Signed-off-by: Mark Rutland <[email protected]>
Signed-off-by: Will Deacon <[email protected]>
Cc: Dan Williams <[email protected]>
Cc: Jonathan Corbet <[email protected]>
Cc: Peter Zijlstra <[email protected]>
---
Documentation/speculation.txt | 166 ++++++++++++++++++++++++++++++++++++++++++
1 file changed, 166 insertions(+)
create mode 100644 Documentation/speculation.txt
diff --git a/Documentation/speculation.txt b/Documentation/speculation.txt
new file mode 100644
index 000000000000..748fcd4dcda4
--- /dev/null
+++ b/Documentation/speculation.txt
@@ -0,0 +1,166 @@
+This document explains potential effects of speculation, and how undesirable
+effects can be mitigated portably using common APIs.
+
+===========
+Speculation
+===========
+
+To improve performance and minimize average latencies, many contemporary CPUs
+employ speculative execution techniques such as branch prediction, performing
+work which may be discarded at a later stage.
+
+Typically speculative execution cannot be observed from architectural state,
+such as the contents of registers. However, in some cases it is possible to
+observe its impact on microarchitectural state, such as the presence or
+absence of data in caches. Such state may form side-channels which can be
+observed to extract secret information.
+
+For example, in the presence of branch prediction, it is possible for bounds
+checks to be ignored by code which is speculatively executed. Consider the
+following code:
+
+ int load_array(int *array, unsigned int idx) {
+ if (idx >= MAX_ARRAY_ELEMS)
+ return 0;
+ else
+ return array[idx];
+ }
+
+Which, on arm64, may be compiled to an assembly sequence such as:
+
+ CMP <idx>, #MAX_ARRAY_ELEMS
+ B.LT less
+ MOV <returnval>, #0
+ RET
+ less:
+ LDR <returnval>, [<array>, <idx>]
+ RET
+
+It is possible that a CPU mis-predicts the conditional branch, and
+speculatively loads array[idx], even if idx >= MAX_ARRAY_ELEMS. This value
+will subsequently be discarded, but the speculated load may affect
+microarchitectural state which can be subsequently measured.
+
+More complex sequences involving multiple dependent memory accesses may result
+in sensitive information being leaked.

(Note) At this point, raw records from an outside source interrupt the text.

lemma lin_indep_dual_weights:
  assumes "lin_indep_funs M f"
  shows "\<exists>S W. dual_weights M f S W"
  using assms
proof (induction M)
  case 0
  have "dual_weights 0 f {} (\<lambda>_ _. 0)" by (simp add: dual_weights_def)
  then show ?case by (intro exI)
next
  case (Suc M)
  have "lin_indep_funs M f"
    unfolding lin_indep_funs_def
  proof (rule allI, rule impI)
    fix c assume "\<forall>x. (\<Sum>m<M. c m * f m x) = 0"
    then have "\<forall>x. (\<Sum>m<Suc M. (if m < M then c m else 0) * f m x) = 0" by simp
    then have "\<forall>m<Suc M. (if m < M then c m else 0) = 0"
      by (rule Suc.prems[unfolded lin_indep_funs_def, THEN spec, THEN mp])
    then show "\<forall>m<M. c m = 0" by (metis less_SucI)
  qed
  then obtain S W where dual: "dual_weights M f S W" using Suc.IH by auto
  define a where "a j = (\<Sum>x\<in>S. W j x * f M x)" for j
  have "\<exists>q. f M q \<noteq> (\<Sum>j<M. a j * f j q)"
  proof (rule ccontr)
    assume "\<not> ?thesis"
    then have "\<forall>x. (\<Sum>m<Suc M. (if m < M then - a m else 1) * f m x) = 0"
      by (simp add: sum_negf)
    then have "\<forall>m<Suc M. (if m < M then - a m else 1) = (0::real)"
      by (rule Suc.prems[unfolded lin_indep_funs_def, THEN spec, THEN mp])
    then have "(if M < M then - a M else 1) = (0::real)" by blast
    then show False by simp
  qed
  then show ?case by (elim exE) (rule dual_weights_Suc[OF dual, unfolded a_def[symmetric]])
qed

lemma sq_int_on_prod:
  fixes f :: "nat \<Rightarrow> 'a::euclidean_space \<Rightarrow> real"
  assumes K: "finite K"
    and meas: "\<And>i. i \<in> K \<Longrightarrow> f i \<in> borel_measurable lborel"
    and sqint: "\<And>i. i \<in> K \<Longrightarrow> integrable lborel (\<lambda>x. (f i x)\<^sup>2)"
  shows "sq_int_on K (\<lambda>Y. \<Prod>i\<in>K. f i (Y i))"
  unfolding sq_int_on_def
proof
  interpret product_sigma_finite "\<lambda>_. lborel :: 'a measure" by standard
  show "(\<lambda>Y. \<Prod>i\<in>K. f i (Y i)) \<in> borel_measurable (Pi\<^sub>M K (\<lambda>_. lborel))"
    using meas by (intro borel_measurable_prod) (simp add: measurable_component_singleton)
  have "integrable (Pi\<^sub>M K (\<lambda>_. lborel)) (\<lambda>Y. \<Prod>i\<in>K. (f i (Y i))\<^sup>2)"
    using sqint by (rule product_integrable_prod[OF K])
  then show "integrable (Pi\<^sub>M K (\<lambda>_. lborel)) (\<lambda>Y. (\<Prod>i\<in>K. f i (Y i))\<^sup>2)"
    by (simp add: prod_power_distrib)
qed

lemma sq_int_on_lin:
  assumes g: "sq_int_on K g" and h: "sq_int_on K h"
  shows "sq_int_on K (\<lambda>Y. a * g Y + b * h Y)"
  unfolding sq_int_on_def
proof
  have "g \<in> borel_measurable (Pi\<^sub>M K (\<lambda>_. lborel))" "h \<in> borel_measurable (Pi\<^sub>M K (\<lambda>_. lborel))"
    using g h by (simp_all add: sq_int_on_def)
  then show meas: "(\<lambda>Y. a * g Y + b * h Y) \<in> borel_measurable (Pi\<^sub>M K (\<lambda>_. lborel))"
    by measurable
  have bound_int: "integrable (Pi\<^sub>M K (\<lambda>_. lborel)) (\<lambda>Y. 2 * a\<^sup>2 * (g Y)\<^sup>2 + 2 * b\<^sup>2 * (h Y)\<^sup>2)"
    using g h unfolding sq_int_on_def by simp
  have "(a * g Y + b * h Y)\<^sup>2 \<le> 2 * a\<^sup>2 * (g Y)\<^sup>2 + 2 * b\<^sup>2 * (h Y)\<^sup>2" for Y
    using zero_le_power2[of "a * g Y - b * h Y"] by (simp add: power2_eq_square algebra_simps)
  then have "AE Y in Pi\<^sub>M K (\<lambda>_. lborel).
      norm ((a * g Y + b * h Y)\<^sup>2) \<le> norm (2 * a\<^sup>2 * (g Y)\<^sup>2 + 2 * b\<^sup>2 * (h Y)\<^sup>2)"
    by (intro AE_I2) simp
  moreover have "(\<lambda>Y. (a * g Y + b * h Y)\<^sup>2) \<in> borel_measurable (Pi\<^sub>M K (\<lambda>_. lborel))"
    using meas by measurable
  ultimately show "integrable (Pi\<^sub>M K (\<lambda>_. lborel)) (\<lambda>Y. (a * g Y + b * h Y)\<^sup>2)"
    by (intro Bochner_Integration.integrable_bound[OF bound_int])
qed

lemma sq_int_on_sum:
  fixes R :: nat
  assumes "\<And>r. r < R \<Longrightarrow> sq_int_on K (G r)"
  shows "sq_int_on K (\<lambda>Y. \<Sum>r<R. c r * G r Y)"
  using assms
proof (induction R)
  case 0
  then show ?case by (simp add: sq_int_on_def)
next
  case (Suc R)
  have "sq_int_on K (\<lambda>Y. 1 * (\<Sum>r<R. c r * G r Y) + c R * G R Y)"
    using Suc by (intro sq_int_on_lin) auto
  then show ?case by simp
qed

lemma bij_betw_pos_in:
  assumes "finite K"
  shows "bij_betw (pos_in K) K {..<card K}"
proof -
  have less: "pos_in K x < pos_in K y" if "x \<in> K" "x < y" for x y
    unfolding pos_in_def using assms that by (intro psubset_card_mono) auto
  have "inj_on (pos_in K) K"
    by (rule inj_onI) (metis less less_irrefl linorder_neqE_nat)
  moreover have "pos_in K ` K \<subseteq> {..<card K}"
    unfolding pos_in_def using assms by (auto intro!: psubset_card_mono)
  ultimately show ?thesis
    unfolding bij_betw_def by (simp add: card_image card_subset_eq)
qed

lemma eq_if_low_digits_eq:
  fixes M :: nat
  assumes "r < M ^ L" "r' < M ^ L" "\<And>s. s < L \<Longrightarrow> r div M ^ s mod M = r' div M ^ s mod M"
  shows "r = r'"
  using assms
proof (induction L arbitrary: r r')
  case (Suc L)
  have "r div M < M ^ L" "r' div M < M ^ L"
    using Suc.prems(1,2) by (simp_all add: less_mult_imp_div_less mult.commute)
  moreover have "r div M div M ^ s mod M = r' div M div M ^ s mod M" if "s < L" for s
    using Suc.prems(3)[of "Suc s"] that by (simp add: div_mult2_eq)
  ultimately have "r div M = r' div M" by (rule Suc.IH)
  moreover have "r mod M = r' mod M" using Suc.prems(3)[of 0] by simp
  ultimately show ?case by (metis div_mult_mod_eq)
qed simp

lemma digit_inj:
  assumes "r < M ^ L" "r' < M ^ L" "\<And>t. t < L \<Longrightarrow> digit M L r t = digit M L r' t"
  shows "r = r'"
proof (rule eq_if_low_digits_eq[OF assms(1,2)])
  fix s assume "s < L"
  then show "r div M ^ s mod M = r' div M ^ s mod M"
    using assms(3)[of "L - 1 - s"] by (simp add: digit_def)
qed

lemma digit_pos_in_inj:
  assumes K: "finite K" and r: "r < M ^ card K" "r' < M ^ card K"
    and eq: "\<And>k. k \<in> K \<Longrightarrow> digit M (card K) r (pos_in K k) = digit M (card K) r' (pos_in K k)"
  shows "r = r'"
proof (rule digit_inj[OF r])
  fix t assume "t < card K"
  then obtain k where "k \<in> K" "pos_in K k = t"
    using bij_betw_pos_in[OF K] by (metis bij_betw_iff_bijections lessThan_iff)
  then show "digit M (card K) r t = digit M (card K) r' t" using eq by blast
qed

lemma digit_less: "r < M ^ L \<Longrightarrow> 0 < L \<Longrightarrow> digit M L r t < M"
  unfolding digit_def by (metis gr0I less_nat_zero_code mod_less_divisor zero_power)

definition prod_basis :: "nat \<Rightarrow> (nat \<Rightarrow> 'a \<Rightarrow> real) \<Rightarrow> nat set \<Rightarrow> nat \<Rightarrow> (nat \<Rightarrow> 'a) \<Rightarrow> real"
  where "prod_basis M f K r Y = (\<Prod>i\<in>K. f (digit M (card K) r (pos_in K i)) (Y i))"
(* Let $\lambda$ be an infinite cardinal, $\theta$ an infinite regular cardinal and $\chi$ either $2$ or an infinite cardinal. Suppose that $m(\lambda,\lambda,\theta,\chi)=\lambda$. Then for every map $d:\lambda^+\times\lambda^+\to\lambda$, $A(d)\cap E^{\lambda^+}_\theta\in J_\chi[\lambda^+]$.
   Context: $E^\kappa_\theta=\{\alpha<\kappa\mid\mathrm{cf}(\alpha)=\theta\}$. For a map $d:\delta\times\kappa\to\lambda$, $A(d)$ is the set of all $\alpha<\kappa$ such that for every cofinal $B\subseteq\alpha$ there exist $\eta\in\delta\cap\alpha$ and a cofinal $B'\subseteq B$ on which $\beta\mapsto d(\eta,\beta)$ is injective. $m(\lambda,\lambda,\theta,\chi)$ is the least size of a family $\mathcal H$ of functions from $\lambda$ to $[\lambda]^{<\chi}$ such that for every $X\in[\lambda]^\theta$ and every $g:X\to\lambda$ there is $h\in\mathcal H$ with $|\{\xi\in X\mid g(\xi)\in h(\xi)\}|=\theta$. For regular uncountable $\kappa$, $J_\chi[\kappa]$ is the collection of all $S\subseteq\kappa$ for which there exist a club $C\subseteq\kappa$ and functions $f_i:\kappa\to[\kappa]^{<\chi}$ ($i<\kappa$) such that for every $\alpha\in S\cap C$, every regressive $f:\alpha\to\alpha$ and every cofinal $B\subseteq\alpha$, there is $i<\alpha$ with $\sup\{\beta\in B\mid f(\beta)\in f_i(\beta)\}=\alpha$. *)

theory Defs
  imports Main "HOL-Library.FuncSet"
begin

(* Cardinals/ordinals are represented by well-order relations (HOL's BNF cardinal library).
   For a cardinal K (a Card_order relation), ordinals alpha < K are the elements of Field K;
   the ordinal alpha is identified with the set underS K alpha of its predecessors. *)

definition sup_is :: "'k rel \<Rightarrow> 'k set \<Rightarrow> 'k \<Rightarrow> bool" where
  "sup_is K B \<alpha> \<longleftrightarrow> (\<forall>\<gamma>\<in>underS K \<alpha>. \<exists>\<beta>\<in>B. (\<gamma>, \<beta>) \<in> K \<and> \<gamma> \<noteq> \<beta>)"

definition cofinal_sub :: "'k rel \<Rightarrow> 'k set \<Rightarrow> 'k \<Rightarrow> bool" where
  "cofinal_sub K B \<alpha> \<longleftrightarrow> B \<subseteq> underS K \<alpha> \<and> sup_is K B \<alpha>"

definition cf_is :: "'k rel \<Rightarrow> 'k \<Rightarrow> 't rel \<Rightarrow> bool" where
  "cf_is K \<alpha> T \<longleftrightarrow>
     (\<exists>B. cofinal_sub K B \<alpha> \<and> (card_of B, T) \<in> ordIso) \<and>
     (\<forall>B. cofinal_sub K B \<alpha> \<longrightarrow> (T, card_of B) \<in> ordLeq)"

definition E_cof :: "'k rel \<Rightarrow> 't rel \<Rightarrow> 'k set" where
  "E_cof K T = {\<alpha> \<in> Field K. cf_is K \<alpha> T}"

definition small_subsets :: "'a set \<Rightarrow> 'c rel \<Rightarrow> 'a set set" where
  "small_subsets X C = {Y. Y \<subseteq> X \<and> (card_of Y, C) \<in> ordLess}"

(* A(d) for d : delta x kappa -> lambda, here delta = kappa *)
definition A_set :: "'k rel \<Rightarrow> ('k \<Rightarrow> 'k \<Rightarrow> 'a) \<Rightarrow> 'k set" where
  "A_set K d = {\<alpha> \<in> Field K. \<forall>B. cofinal_sub K B \<alpha> \<longrightarrow>
      (\<exists>\<eta>\<in>underS K \<alpha>. \<exists>B'. B' \<subseteq> B \<and> cofinal_sub K B' \<alpha> \<and> inj_on (\<lambda>\<beta>. d \<eta> \<beta>) B')}"

(* the covering property in the definition of m(lambda,lambda,theta,chi) *)
definition m_covers :: "'a rel \<Rightarrow> 't rel \<Rightarrow> 'c rel \<Rightarrow> ('a \<Rightarrow> 'a set) set \<Rightarrow> bool" where
  "m_covers L T C H \<longleftrightarrow>
     H \<subseteq> (Field L \<rightarrow>\<^sub>E small_subsets (Field L) C) \<and>
     (\<forall>X g. X \<subseteq> Field L \<and> (card_of X, T) \<in> ordIso \<and> g \<in> X \<rightarrow> Field L \<longrightarrow>
        (\<exists>h\<in>H. (card_of {\<xi>\<in>X. g \<xi> \<in> h \<xi>}, T) \<in> ordIso))"

definition m_equals :: "'a rel \<Rightarrow> 't rel \<Rightarrow> 'c rel \<Rightarrow> bool" where
  "m_equals L T C \<longleftrightarrow>
     (\<exists>H. m_covers L T C H \<and> (card_of H, L) \<in> ordIso) \<and>
     (\<forall>H. m_covers L T C H \<longrightarrow> (L, card_of H) \<in> ordLeq)"

definition club :: "'k rel \<Rightarrow> 'k set \<Rightarrow> bool" where
  "club K D \<longleftrightarrow> D \<subseteq> Field K \<and>
     (\<forall>\<gamma>\<in>Field K. \<exists>\<delta>\<in>D. (\<gamma>, \<delta>) \<in> K) \<and>
     (\<forall>\<alpha>\<in>Field K. underS K \<alpha> \<noteq> {} \<and> sup_is K (D \<inter> underS K \<alpha>) \<alpha> \<longrightarrow> \<alpha> \<in> D)"

definition J_ideal :: "'k rel \<Rightarrow> 'c rel \<Rightarrow> 'k set set" where
  "J_ideal K C = {S. S \<subseteq> Field K \<and>
     (\<exists>D F. club K D \<and>
        (\<forall>i\<in>Field K. F i \<in> Field K \<rightarrow> small_subsets (Field K) C) \<and>
        (\<forall>\<alpha>\<in>S \<inter> D. \<forall>f B.
            (\<forall>\<beta>\<in>underS K \<alpha>. f \<beta> \<in> underS K \<alpha> \<and> (underS K \<beta> \<noteq> {} \<longrightarrow> f \<beta> \<in> underS K \<beta>)) \<and>
            cofinal_sub K B \<alpha> \<longrightarrow>
            (\<exists>i\<in>underS K \<alpha>. sup_is K {\<beta>\<in>B. f \<beta> \<in> F i \<beta>} \<alpha>)))}"

end

(* Write kappa for lambda^+. Fix an injective coding p : kappa x lambda -> kappa, an enumeration
   (h_j)_{j < lambda} of a covering family witnessing m(lambda, lambda, theta, chi) = lambda, and
   injections e_beta : beta -> lambda. The guessing sets are
     F_{p(eta, j)}(beta) = e_beta^-1 [h_j (d (eta, beta))],
   of size < chi, and the club consists of the closure points of p.
   Given alpha in A(d) of cofinality theta in the club, f regressive and B cofinal in alpha, first thin
   B to a cofinal subset all of whose proper initial segments have size < theta, then use alpha in A(d)
   to get eta < alpha and a cofinal B' of size theta inside it on which d(eta, -) is injective.
   Covering the function d(eta, beta) |-> e_beta (f beta) on the theta-sized set d(eta, -)[B'] gives
   j with f beta in F_{p(eta, j)}(beta) for theta many beta in B'. These are cofinal in alpha because
   the initial segments of B' are small, and p(eta, j) < alpha because alpha is a closure point. *)

theory Submission
  imports Defs
begin

unbundle cardinal_syntax

context wo_rel
begin

lemma le_underS_trans: "(a, b) \<in> r \<Longrightarrow> b \<in> underS c \<Longrightarrow> a \<in> underS c"
  using TRANS ANTISYM unfolding underS_def trans_def antisym_def by blast
lemma bij_betw_perm_choice:
  assumes "j < length Fs" and "p permutes {0..<length rs}"
  shows "bij_betw (perm_choice rs j p) (set rs) ({0..<length Fs} - {j})"
proof -
  have "perm_choice rs j p = skip j \<circ> p \<circ> inv_into {0..<length rs} ((!) rs)"
    by (auto simp: perm_choice_def)
  moreover have "bij_betw (skip j) {0..<length rs} ({0..<length Fs} - {j})"
    using bij_betw_skip[OF assms(1)] length_rows by simp
  ultimately show ?thesis
    using bij_betw_inv_into[OF bij_betw_nth_rows] permutes_imp_bij[OF assms(2)]
    by (metis bij_betw_trans)
qed

lemma perm_choice_inj:
  assumes "p permutes {0..<length rs}" and "q permutes {0..<length rs}"
    and "\<forall>e\<in>set rs. perm_choice rs j p e = perm_choice rs j q e"
  shows "p = q"
proof
  fix r
  show "p r = q r"
  proof (cases "r < length rs")
    case True
    then have "skip j (p r) = skip j (q r)"
      using assms(3) perm_choice_nth by (metis nth_mem)
    then show ?thesis by (metis unskip_skip)
  next
    case False
    then show ?thesis using assms(1,2) by (simp add: permutes_not_in)
  qed
qed

lemma rooted_choice_perm:
  assumes j: "j < length Fs" and s: "rooted_choice {0..<length Fs} (set rs) j s"
  obtains p where "p permutes {0..<length rs}" and "\<forall>e\<in>set rs. perm_choice rs j p e = s e"
proof -
  define p where "p r = (if r < length rs then unskip j (s (rs ! r)) else r)" for r
  have s_bij: "bij_betw s (set rs) ({0..<length Fs} - {j})"
    using s by (simp add: rooted_choice_def)
  have "bij_betw (unskip j \<circ> (s \<circ> (!) rs)) {0..<length rs} {0..<length rs}"
    using bij_betw_trans[OF bij_betw_trans[OF bij_betw_nth_rows s_bij] bij_betw_unskip[OF j]]
      length_rows by simp
  moreover have "bij_betw p {0..<length rs} {0..<length rs} \<longleftrightarrow>
      bij_betw (unskip j \<circ> (s \<circ> (!) rs)) {0..<length rs} {0..<length rs}"
    by (rule bij_betw_cong) (simp add: p_def)
  ultimately have "bij_betw p {0..<length rs} {0..<length rs}" by simp
  then have perm: "p permutes {0..<length rs}"
    by (rule bij_imp_permutes) (simp add: p_def)
  have "perm_choice rs j p (rs ! r) = s (rs ! r)" if "r < length rs" for r
    using that bij_betw_apply[OF s_bij, of "rs ! r"]
    by (simp add: perm_choice_nth p_def skip_unskip)
  then have "\<forall>e\<in>set rs. perm_choice rs j p e = s e"
    by (metis in_set_conv_nth)
  with perm that show thesis by blast
qed
(* Let $A$ be a popular arborescence of $G$ and let $\mathcal D=\{D_1,\dots,D_q\}$ be a chain with $\emptyset\subsetneq D_1\subsetneq\cdots\subsetneq D_q=E$, $A\subseteq E(\mathcal D)$, and $\mathrm{span}(A\cap D_i)=D_i$ for all $i$. Then at any moment of the execution of Algorithm 1 on $G$ (for any choices of the lexicographically maximal branchings), the current multichain $\mathcal C=\{C_1,\dots,C_p\}$ satisfies $p\le q$ and $D_i\subseteq C_i$ for $i=1,\dots,p$.
   Context: $G=(V\cup\{r\},E)$ is a directed graph, $r$ has no incoming edge, each $v\in V$ has a partial order $\succ_v$ on its incoming edges $\delta(v)$, $n=|V|$. An arborescence is $A\subseteq E$ with no undirected cycle and exactly one edge $A(v)\in\delta(v)$ per $v\in V$; a branching is $I\subseteq E$ with no undirected cycle and $|I\cap\delta(v)|\le1$ for all $v$. $A$ is popular if $\phi(A,A')\ge\phi(A',A)$ for all arborescences $A'$, with $\phi(A,A')$ the number of $v$ having $A(v)\succ_v A'(v)$. $\mathrm{rank}$ is the graphic matroid rank and $\mathrm{span}(S)=\{e:\mathrm{rank}(S\cup\{e\})=\mathrm{rank}(S)\}$. A multichain is an indexed family $C_1\subseteq\cdots\subseteq C_p$ of subsets of $E$ (a chain if all inclusions are strict). For a multichain with $C_p=E$ and $C_0=\emptyset$: $\mathrm{lev}_{\mathcal C}(e)$ is the index $i$ with $e\in C_i\setminus C_{i-1}$; $\mathrm{lev}^*_{\mathcal C}(v)=\max_{e\in\delta(v)}\mathrm{lev}_{\mathcal C}(e)$; $E(\mathcal C)$ is the set of $e\in\delta(v)$ ($v\in V$) such that either (i) $\mathrm{lev}_{\mathcal C}(e)=\mathrm{lev}^*_{\mathcal C}(v)$ and no $e'\in\delta(v)$ of that level has $e'\succ_v e$, or (ii) $\mathrm{lev}_{\mathcal C}(e)=\mathrm{lev}^*_{\mathcal C}(v)-1$, no $e'\in\delta(v)$ of that level has $e'\succ_v e$, and $e\succ_v f$ for all $f\in\delta(v)$ of level $\mathrm{lev}^*_{\mathcal C}(v)$. Algorithm 1: set $p=1$, $C_1=E$. While $p\le n$: compute $E(\mathcal C)$; find a branching $I\subseteq E(\mathcal C)$ lexicographically maximizing $(|I\cap C_1|,\dots,|I\cap C_p|)$; if $|I\cap C_i|=\mathrm{rank}(C_i)$ for all $i$, return $I$; otherwise let $k$ be the minimum index with $|I\cap C_k|<\mathrm{rank}(C_k)$, set $C_k\leftarrow\mathrm{span}(I\cap C_k)$, and if $k=p$, set $p\leftarrow p+1$ and add $C_p=E$ to $\mathcal C$. If the loop ends, report that $G$ has no popular arborescence. *)

theory Defs
  imports Main
begin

Consider the following code, building on
+the prior example:
+
+ int load_dependent_arrays(int *arr1, int *arr2, int idx) {
+ int val1, val2,
+
+ val1 = load_array(arr1, idx);
+ val2 = load_array(arr2, val1);
+
+ return val2;
+ }
+
+Under speculation, the first call to load_array() may return the value of an
+out-of-bounds address, while the second call will influence microarchitectural
+state dependent on this value. This may provide an arbitrary read primitive.
+
+====================================
+Mitigating speculation side-channels
+====================================
+
+The kernel provides a generic API to ensure that bounds checks are respected
+even under speculation. Architectures which are affected by speculation-based
+side-channels are expected to implement these primitives.
+
+The following helpers found in <asm/barrier.h> can be used to prevent
+information from being leaked via side-channels.
+
+* nospec_ptr(ptr, lo, hi)
+
+ Returns a sanitized pointer that is bounded by the [lo, hi) interval. When
+ ptr < lo, or ptr >= hi, NULL is returned. Prevents an out-of-bounds pointer
+ being propagated to code which is speculatively executed.
+
+ This is expected to be used by code which computes pointers to data
+ structures, where part of the address (such as an array index) may be
+ user-controlled.
+
+ This can be used to protect the earlier load_array() example:
+
+ int load_array(int *array, unsigned int idx)
+ {
+ int *elem;
+
+ if ((elem = nospec_ptr(array + idx, array, array + MAX_ARRAY_ELEMS)))
+ return *elem;
+ else
+ return 0;
+ }
+
+ This can also be used in situations where multiple fields on a structure are
+ accessed:
+
+ struct foo array[SIZE];
+ int a, b;
+
+ void do_thing(int idx)
+ {
+ struct foo *elem;
+
+ if ((elem = nospec_ptr(array + idx, array, array + SIZE)) {
+ a = elem->field_a;
+ b = elem->field_b;
+ }
+ }
+
+ It is imperative that the returned pointer is used. Pointers which are
+ generated separately are subject to a number of potential CPU and compiler
+ optimizations, and may still be used speculatively. For example, this means
+ that the following sequence is unsafe:
+
+ struct foo array[SIZE];
+ int a, b;
+
+ void do_thing(int idx)
+ {
+ if (nospec_ptr(array + idx, array, array + SIZE) != NULL) {
+ // unsafe as wrong pointer is used
+ a = array[idx].field_a;
+ b = array[idx].field_b;
+ }
+ }
+
+ Similarly, it is unsafe to compare the returned pointer with other pointers,
+ as this may permit the compiler to substitute one pointer with another,
+ permitting speculation. For example, the following sequence is unsafe:
+
+ struct foo array[SIZE];
+ int a, b;
+
+ void do_thing(int idx)
+ {
+ struct foo *elem = nospec_ptr(array + idx, array, array + size);
+
+ // unsafe due to pointer substitution
+ if (elem == &array[idx]) {
+ a = elem->field_a;
+ b = elem->field_b;
+ }
+ }
+
+* nospec_array_ptr(arr, idx, sz)
+
+ Returns a sanitized pointer to arr[idx] only if idx falls in the [0, sz)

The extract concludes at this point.